I need to create a dataframe with all the possible unique combinations of n number of original arrays given a couple constraints. I want to be able to do this without filtering down the initial dataframe due to memory constraints.
There will be two types of original input arrays. Either they will have boolean values of just True and False, or they will have a variable amount of float values.
The additional tricky layer is that any row should only have one non zero float value, the other float values must be a 0.
inputs = {
"a": [True, False],
"b": [True, False],
"c": [0.0, 0.1, 0.2],
"d": [0.0, 0.1, 0.2, 0.3],
}
bool_inputs = {"a", "b"}
float_inputs = {"c", "d"}
a b c d
0 True True 0.0 0.0
1 True False 0.0 0.0
2 False True 0.0 0.0
3 False False 0.0 0.0
4 True True 0.1 0.0
5 True False 0.1 0.0
6 False True 0.1 0.0
7 False False 0.1 0.0
8 True True 0.2 0.0
9 True False 0.2 0.0
10 False True 0.2 0.0
11 False False 0.2 0.0
12 True True 0.0 0.1
13 True False 0.0 0.1
14 False True 0.0 0.1
15 False False 0.0 0.1
16 True True 0.0 0.2
17 True False 0.0 0.2
18 False True 0.0 0.2
19 False False 0.0 0.2
20 True True 0.0 0.3
21 True False 0.0 0.3
22 False True 0.0 0.3
23 False False 0.0 0.3
I have been able to do this by filtering the data afterwards with the below solution, but I am wanting to not have any filtering. A bonus would also be not having to fix the column types
import numpy as np
import pandas as pd
input_arrays = list(inputs.values())
results = np.array(np.meshgrid(*input_arrays)).T.reshape(-1, len(inputs))
df = pd.DataFrame(results, columns=list(inputs.keys()))
df[list(bool_inputs)] = df[list(bool_inputs)].astype(bool)
df = df[~(df[list(float_inputs)] > 0).all(axis=1)]

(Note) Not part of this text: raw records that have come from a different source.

lemma theta_of_swap12:
  assumes "theta_of X P\<^sub>1 P\<^sub>2 P\<^sub>3"
  shows "theta_of X P\<^sub>2 P\<^sub>1 P\<^sub>3"
proof -
  obtain s t where "X = P\<^sub>1 \<union> P\<^sub>2 \<union> P\<^sub>3" "s \<noteq> t" "is_path P\<^sub>1 s t" "is_path P\<^sub>2 s t" "is_path P\<^sub>3 s t"
    "Vs P\<^sub>1 \<inter> Vs P\<^sub>2 \<subseteq> {s, t}" "Vs P\<^sub>1 \<inter> Vs P\<^sub>3 \<subseteq> {s, t}" "Vs P\<^sub>2 \<inter> Vs P\<^sub>3 \<subseteq> {s, t}"
    "Es P\<^sub>1 \<inter> Es P\<^sub>2 = {}" "Es P\<^sub>1 \<inter> Es P\<^sub>3 = {}" "Es P\<^sub>2 \<inter> Es P\<^sub>3 = {}"
    using assms unfolding theta_of_def by blast
  then show ?thesis unfolding theta_of_def
    by (intro conjI exI[of _ s] exI[of _ t]) (auto simp: Int_commute)
qed

lemma theta_of_swap23:
  assumes "theta_of X P\<^sub>1 P\<^sub>2 P\<^sub>3"
  shows "theta_of X P\<^sub>1 P\<^sub>3 P\<^sub>2"
proof -
  obtain s t where "X = P\<^sub>1 \<union> P\<^sub>2 \<union> P\<^sub>3" "s \<noteq> t" "is_path P\<^sub>1 s t" "is_path P\<^sub>2 s t" "is_path P\<^sub>3 s t"
    "Vs P\<^sub>1 \<inter> Vs P\<^sub>2 \<subseteq> {s, t}" "Vs P\<^sub>1 \<inter> Vs P\<^sub>3 \<subseteq> {s, t}" "Vs P\<^sub>2 \<inter> Vs P\<^sub>3 \<subseteq> {s, t}"
    "Es P\<^sub>1 \<inter> Es P\<^sub>2 = {}" "Es P\<^sub>1 \<inter> Es P\<^sub>3 = {}" "Es P\<^sub>2 \<inter> Es P\<^sub>3 = {}"
    using assms unfolding theta_of_def by blast
  then show ?thesis unfolding theta_of_def
    by (intro conjI exI[of _ s] exI[of _ t]) (auto simp: Int_commute)
qed

lemma inj_on_Diff_of_almost_rainbow:
  assumes "finite X" "almost_rainbow X" "e \<in> X" "e' \<in> X" "e \<noteq> e'" "snd e = snd e'"
  shows "inj_on snd (X - {e})"
proof -
  have "snd ` X \<subseteq> snd ` (X - {e})"
  proof
    fix c assume "c \<in> snd ` X"
    then obtain x where "x \<in> X" "c = snd x" by blast
    then show "c \<in> snd ` (X - {e})" using assms(3-6) by (cases "x = e") auto
  qed
  then have "snd ` (X - {e}) = snd ` X" by auto
  then have "card (snd ` (X - {e})) = card (X - {e})"
    using assms(1-3) by (simp add: almost_rainbow_def colors_def)
  then show ?thesis using assms(1) by (simp add: inj_on_iff_eq_card)
qed

lemma bad_piece_twin_edges:
  assumes "bad_piece X"
  obtains P\<^sub>1 P\<^sub>2 P\<^sub>3 e\<^sub>1 e\<^sub>2 where "theta_of X P\<^sub>1 P\<^sub>2 P\<^sub>3" "e\<^sub>1 \<in> P\<^sub>1" "e\<^sub>2 \<in> P\<^sub>2"
    "inj_on snd (X - {e\<^sub>1})" "inj_on snd (X - {e\<^sub>2})"
proof -
  obtain Q\<^sub>1 Q\<^sub>2 Q\<^sub>3 where th: "theta_of X Q\<^sub>1 Q\<^sub>2 Q\<^sub>3" "rainbow Q\<^sub>1" "rainbow Q\<^sub>2" "rainbow Q\<^sub>3"
    and ar: "almost_rainbow X"
    using assms unfolding bad_piece_def by blast
  have fin: "finite X" using colored_graph_theta_of[OF th(1)] by (simp add: colored_graph_def)
  have X: "X = Q\<^sub>1 \<union> Q\<^sub>2 \<union> Q\<^sub>3" using th(1) unfolding theta_of_def by blast
  have "\<not> inj_on snd X" using ar fin by (simp add: almost_rainbow_def colors_def inj_on_iff_eq_card)
  then obtain e\<^sub>1 e\<^sub>2 where e: "e\<^sub>1 \<in> X" "e\<^sub>2 \<in> X" "e\<^sub>1 \<noteq> e\<^sub>2" "snd e\<^sub>1 = snd e\<^sub>2"
    unfolding inj_on_def by blast
  have "\<not> (e\<^sub>1 \<in> Q \<and> e\<^sub>2 \<in> Q)" if "rainbow Q" "Q \<subseteq> X" for Q
    using that e(3,4) fin rainbow_iff_inj_on[of Q] finite_subset unfolding inj_on_def by blast
  then have apart: "\<not> (e\<^sub>1 \<in> Q\<^sub>1 \<and> e\<^sub>2 \<in> Q\<^sub>1)" "\<not> (e\<^sub>1 \<in> Q\<^sub>2 \<and> e\<^sub>2 \<in> Q\<^sub>2)" "\<not> (e\<^sub>1 \<in> Q\<^sub>3 \<and> e\<^sub>2 \<in> Q\<^sub>3)"
    using th(2-4) X by blast+
  have "theta_of X Q\<^sub>2 Q\<^sub>1 Q\<^sub>3" "theta_of X Q\<^sub>1 Q\<^sub>3 Q\<^sub>2" "theta_of X Q\<^sub>3 Q\<^sub>1 Q\<^sub>2"
    "theta_of X Q\<^sub>2 Q\<^sub>3 Q\<^sub>1" "theta_of X Q\<^sub>3 Q\<^sub>2 Q\<^sub>1"
    using th(1) theta_of_swap12 theta_of_swap23 by blast+
  then have "\<exists>P\<^sub>1 P\<^sub>2 P\<^sub>3. theta_of X P\<^sub>1 P\<^sub>2 P\<^sub>3 \<and> e\<^sub>1 \<in> P\<^sub>1 \<and> e\<^sub>2 \<in> P\<^sub>2"
    using th(1) e(1,2) X apart by blast
  then show ?thesis
    using that inj_on_Diff_of_almost_rainbow[OF fin ar] e by metis
qed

df = df.reset_index(drop=True)
Key to not having to filter the float columns is making a block diagonal matrix. Everything else here is just .join(..., how = 'cross')
from scipy.linalg import block_diag
import pandas as pd
import numpy as np
inputs = {
"a": [True, False],
"b": [True, False],
"c": [0.0, 0.1, 0.2],
"d": [0.0, 0.1, 0.2, 0.3],
}
bool_inputs = {"a", "b"}
float_inputs = {"c", "d"}
num = block_diag(*[np.array(inputs[k])[None, np.flatnonzero(inputs[k])] for k in float_inputs]).T
df = pd.DataFrame(columns = float_inputs, data = num)
for k in bool_inputs:
df = df.join(pd.DataFrame(columns = [k], data = inputs[k]), how = 'cross')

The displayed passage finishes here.